Записки советской переводчицы. Три года в Берлинском торгпредстве. 1928–1930 - стр. 50
Я не отзываюсь. У первого автобуса заводят мотор. В самый последний момент вскакиваю в него. Ничего, что все полно, как-нибудь проеду, лишь бы опять не рядом с Горбачевым. Пусть поищет. Автобус наш уже мчится…
Минеральные Воды – Владикавказ
Из Грозного нас повезли в Кисловодск, причем на станции Минеральные Воды был организован митинг, на который были согнаны главным образом стоявшие неподалеку воинские части. Когда два английских делегата и я, в качестве переводчицы, взошли на наскоро сооруженную деревянную трибуну, огромная площадь около вокзала была совершенно запружена народом. Говорили потом, что присутствовало около 8000 человек. Было уже темно, горело несколько фонарей, и толпа ощущалась как темное чудовище, отдельных лиц нельзя было разобрать, кроме разве самых первых рядов. К этому времени я уже более или менее научилась переводить, но еще волновалась по-прежнему и каждое выступление было для меня истинным мучением.
На таких больших митингах Слуцкий и Горбачев старались всегда выпустить одного из «ручных» английских коммунистов, либо Уильямса, либо Ллойд Дэвиса. Последний особенно подходил для этой роли, так как был далек от обычной английской сдержанности, характером обладал чисто галльским и особенно темпераментно умел кричать после речи, прищелкивая при этом пальцами, на манер кастаньет:
– Hip, hip, hurra!
Так и теперь, говорил Ллойд Дэвис, восторгался советскими достижениями (чего другие лейбористские делегаты публично никогда не делали), призывал поддержать бастующих «братьев» и закончил бравурным:
– Three cheers for the Soviet workers! Three cheers for the word-revolution![17]
Толпа, понятно, разразилась рукоплесканиями, хотя перевод еще не был сделан. Толстая фигурка Ллойд Дэвиса, его выкрики и подхваченное хором англичан «ура» говорили за себя.

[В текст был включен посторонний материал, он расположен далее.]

locale independent_particle_system = particle_system M A \<delta> f X0 eps
  for M :: "'a measure" and A :: "real^'d^'d" and \<delta> :: real
    and f :: "real^'d \<Rightarrow> (real^'d) measure \<Rightarrow> real^'m \<Rightarrow> real^'d"
    and X0 :: "nat \<Rightarrow> nat \<Rightarrow> 'a \<Rightarrow> real^'d"
    and eps :: "nat \<Rightarrow> nat \<Rightarrow> 'a \<Rightarrow> real^'m" +
  assumes eps_indep: "prob_space.indep_vars M (\<lambda>_. borel) (\<lambda>(i, n). eps i n) ({1..} \<times> {1..})"
    and indep_init: "\<And>N. N \<ge> 1 \<Longrightarrow> prob_space.indep_set M
        (sets (vimage_algebra (space M) (\<lambda>\<omega>. \<lambda>i\<in>{1..N}. X0 N i \<omega>) (PiM {1..N} (\<lambda>_. borel))))
        (sets (vimage_algebra (space M) (\<lambda>\<omega>. \<lambda>p\<in>{1..} \<times> {1..}. eps (fst p) (snd p) \<omega>)
                (PiM ({1..} \<times> {1..}) (\<lambda>_. borel))))"
begin

definition initial_events :: "nat \<Rightarrow> 'a set set" where
  "initial_events N = sets (vimage_algebra (space M) (\<lambda>\<omega>. \<lambda>i\<in>{1..N}. X0 N i \<omega>)
     (PiM {1..N} (\<lambda>_. borel :: (real^'d) measure)))"

definition all_noise_events :: "'a set set" where
  "all_noise_events = sets (vimage_algebra (space M) (\<lambda>\<omega>. \<lambda>p\<in>{1..} \<times> {1..}. eps (fst p) (snd p) \<omega>)
     (PiM ({1..} \<times> {1..}) (\<lambda>_. borel :: (real^'m) measure)))"
lemma equilibrium_edge_flow_eq_0:
  fixes f :: "('u::finite, 'e) assign"
  assumes eq: "is_equilibrium src dst l lam tau s f" and tau: "\<forall>e. 0 \<le> tau e"
    and vot: "\<forall>u. 0 \<le> snd s u" and l: "\<forall>e. 0 \<le> l e" and expensive: "\<forall>u. lam u < tau e"
  shows "edge_flow f e = 0"
proof -
  have "\<not> (f u = Some P \<and> e \<in> set P)" for u P
  proof
    assume u: "f u = Some P \<and> e \<in> set P"
    then have "distinct P"
      using eq od_paths_distinct unfolding is_equilibrium_def valid_assign_def by blast
    then have "tau e \<le> (\<Sum>e\<leftarrow>P. tau e)"
      using u tau by (simp add: sum_list_distinct_conv_sum_set member_le_sum)
    moreover have "0 \<le> snd s u * path_len l P" using vot l by (simp add: path_len_nonneg)
    moreover have "option_cost l lam tau s u (f u) \<le> option_cost l lam tau s u None"
      using eq unfolding is_equilibrium_def by blast
    ultimately show False using u expensive[rule_format, of u] by (simp add: option_cost_def)
  qed
  then show ?thesis by (simp add: edge_flow_def)
qed

lemma toll_seq_regret_le:
  fixes A :: "nat \<Rightarrow> ('e::finite \<Rightarrow> real) \<Rightarrow> ('u::finite, 'e) assign"
  assumes c: "\<forall>e. 0 \<le> c e" and g: "0 < g"
    and eq: "\<And>t tau. t < n \<Longrightarrow> \<forall>e. 0 \<le> tau e \<Longrightarrow> is_equilibrium src dst l lam tau (s t) (A t tau)"
  shows "(\<Sum>t<n. sys_cost l lam (s t) (A t (toll_seq g c A t)) - opt_cost src dst l lam c (s t))
    \<le> real CARD('e) * (real CARD('u) + Max (range c))\<^sup>2 / 2 * (g * n)"
proof -
  let ?tau = "toll_seq g c A"
  define d where "d t e = c e - edge_flow (A t (?tau t)) e" for t e
  define B where "B = real CARD('u) + Max (range c)"
  have gap: "sys_cost l lam (s t) (A t (?tau t)) - opt_cost src dst l lam c (s t)
      \<le> (\<Sum>e\<in>UNIV. ?tau t e * d t e)" if "t < n" for t
  proof -
    have "\<forall>e. 0 \<le> ?tau t e" by (simp add: toll_seq_nonneg)
    from equilibrium_regret_le[OF eq[OF that this] this c] show ?thesis unfolding d_def .
  qed
  have per_edge: "(\<Sum>t<n. ?tau t e * d t e) \<le> B\<^sup>2 / 2 * (g * n)" for e
  proof -
    let ?S = "\<Sum>t<n. ?tau t e * d t e" and ?Q = "\<Sum>t<n. (d t e)\<^sup>2"
    have "2 * g * ?S + (?tau n e)\<^sup>2 \<le> g\<^sup>2 * ?Q"
      by (rule projected_descent_potential) (simp_all add: d_def)
    then have "g * (2 * ?S) \<le> g * (g * ?Q)"
      using zero_le_power2[of "?tau n e"] by (simp only: power2_eq_square mult_ac)
    then have "2 * ?S \<le> g * ?Q"
      using g by (rule mult_left_le_imp_le)
    moreover have "?Q \<le> n * B\<^sup>2"
    proof -
      have "0 \<le> B" using c by (simp add: B_def Max_range_nonneg)
      then have "(d t e)\<^sup>2 \<le> B\<^sup>2" for t
        using abs_capacity_slack_le[of c e "A t (?tau t)"] c
        by (simp add: abs_le_square_iff[symmetric] d_def B_def)
      then show ?thesis using sum_mono[of "{..<n}" "\<lambda>t. (d t e)\<^sup>2" "\<lambda>_. B\<^sup>2"] by simp
    qed
    then have "g * ?Q \<le> g * (n * B\<^sup>2)"
      using g by (simp add: mult_left_mono)
    moreover have "g * (n * B\<^sup>2) = 2 * (B\<^sup>2 / 2 * (g * n))" by simp
    ultimately show ?thesis by linarith
  qed
  have "(\<Sum>t<n. sys_cost l lam (s t) (A t (?tau t)) - opt_cost src dst l lam c (s t))
      \<le> (\<Sum>t<n. \<Sum>e\<in>UNIV. ?tau t e * d t e)"
    by (intro sum_mono gap) simp
  also have "\<dots> = (\<Sum>e\<in>UNIV. \<Sum>t<n. ?tau t e * d t e)"
    by (rule sum.swap)
  also have "\<dots> \<le> (\<Sum>e\<in>(UNIV::'e set). B\<^sup>2 / 2 * (g * n))"
    by (intro sum_mono per_edge)
  finally show ?thesis by (simp add: B_def)
qed

lemma toll_seq_excess_le:
  fixes A :: "nat \<Rightarrow> ('e::finite \<Rightarrow> real) \<Rightarrow> ('u::finite, 'e) assign"
  assumes eq: "\<And>t tau. t < n \<Longrightarrow> \<forall>e. 0 \<le> tau e \<Longrightarrow> is_equilibrium src dst l lam tau (s t) (A t tau)"
    and vot: "\<And>t. t < n \<Longrightarrow> \<forall>u. 0 \<le> snd (s t) u" and l: "\<forall>e. 0 \<le> l e"
    and lam: "\<forall>u. 0 \<le> lam u" and c: "\<forall>e. 0 \<le> c e" and g: "0 \<le> g"
  shows "g * (\<Sum>t<n. edge_flow (A t (toll_seq g c A t)) e - c e)
    \<le> Max (range lam) + g * real CARD('u)"
proof -
  let ?tau = "toll_seq g c A"
  define d where "d t = c e - edge_flow (A t (?tau t)) e" for t
  have "g * (\<Sum>t<n. - d t) \<le> ?tau n e"
    by (rule projected_descent_ge) (simp_all add: d_def)
  also have "\<dots> \<le> Max (range lam) + g * real CARD('u)"
  proof (rule projected_descent_le)
    show "- real CARD('u) \<le> d t" for t
      using c[rule_format, of e] edge_flow_le_card[of "A t (?tau t)" e] by (simp add: d_def)
    show "0 \<le> d t" if t: "t < n" and expensive: "Max (range lam) < ?tau t e" for t
    proof -
      have "lam u \<le> Max (range lam)" for u by simp
      then have "\<forall>u. lam u < ?tau t e" using expensive by (meson order_le_less_trans)
      moreover have tau: "\<forall>e. 0 \<le> ?tau t e" by (simp add: toll_seq_nonneg)
      ultimately have "edge_flow (A t (?tau t)) e = 0"
        using equilibrium_edge_flow_eq_0[OF eq[OF t tau] tau vot[OF t] l] by blast
      then show ?thesis using c by (simp add: d_def)
    qed
  qed (simp_all add: d_def g lam Max_range_nonneg)
  finally show ?thesis by (simp add: d_def)
qed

А позже, когда делегация шла на вокзал, одному из делегатов была подсунута записка, которую тот передал Софье Петровне. Уже ночью в гостинице, куда нас по прибытии в Кисловодск отвезли прямо с вокзала, она мне ее показала: Там стояло:
«Дорогие братья! Вас обманывают, мы не добровольно жертвуем на стачку, а с нас насильно вычитают, кусок хлеба изо рта вырывают, дети у нас босые и голые, а вы вон как хорошо одеты. Не верьте, товарищи, советская впасть нас душит, а вам все врет, что у нас свобода».
Прошло десять лет с того вечера, но эта записка стоит и сейчас живым укором перед моими глазами. На грязном клочке бумаги, написанная каракулями, строчки уходят куда-то вниз вправо, а орфография такая, что иностранец, даже умеющий читать по-русски, все равно ничего бы не разобрал. Бедный автор этих строк надеялся, что они попадут к англичанину и откроют ему глаза. Но советская власть зорко следит за иностранцами, а обслуживающий персонал так терроризирован, так боится за свою жизнь, что никогда не осмелится сказать правду. Я сама находилась в таком же положении и знаю, что это так. Иностранцы в большинстве случаев так наивны, что, возвращаясь к себе на родину, часто в своих описаниях Советского Союза цитируют те или иные слова и объяснения переводчицы. И ясно, что переводчицы не рискуют говорить правды, ибо один намек на такую «измену рабочему классу» может стоить им головы.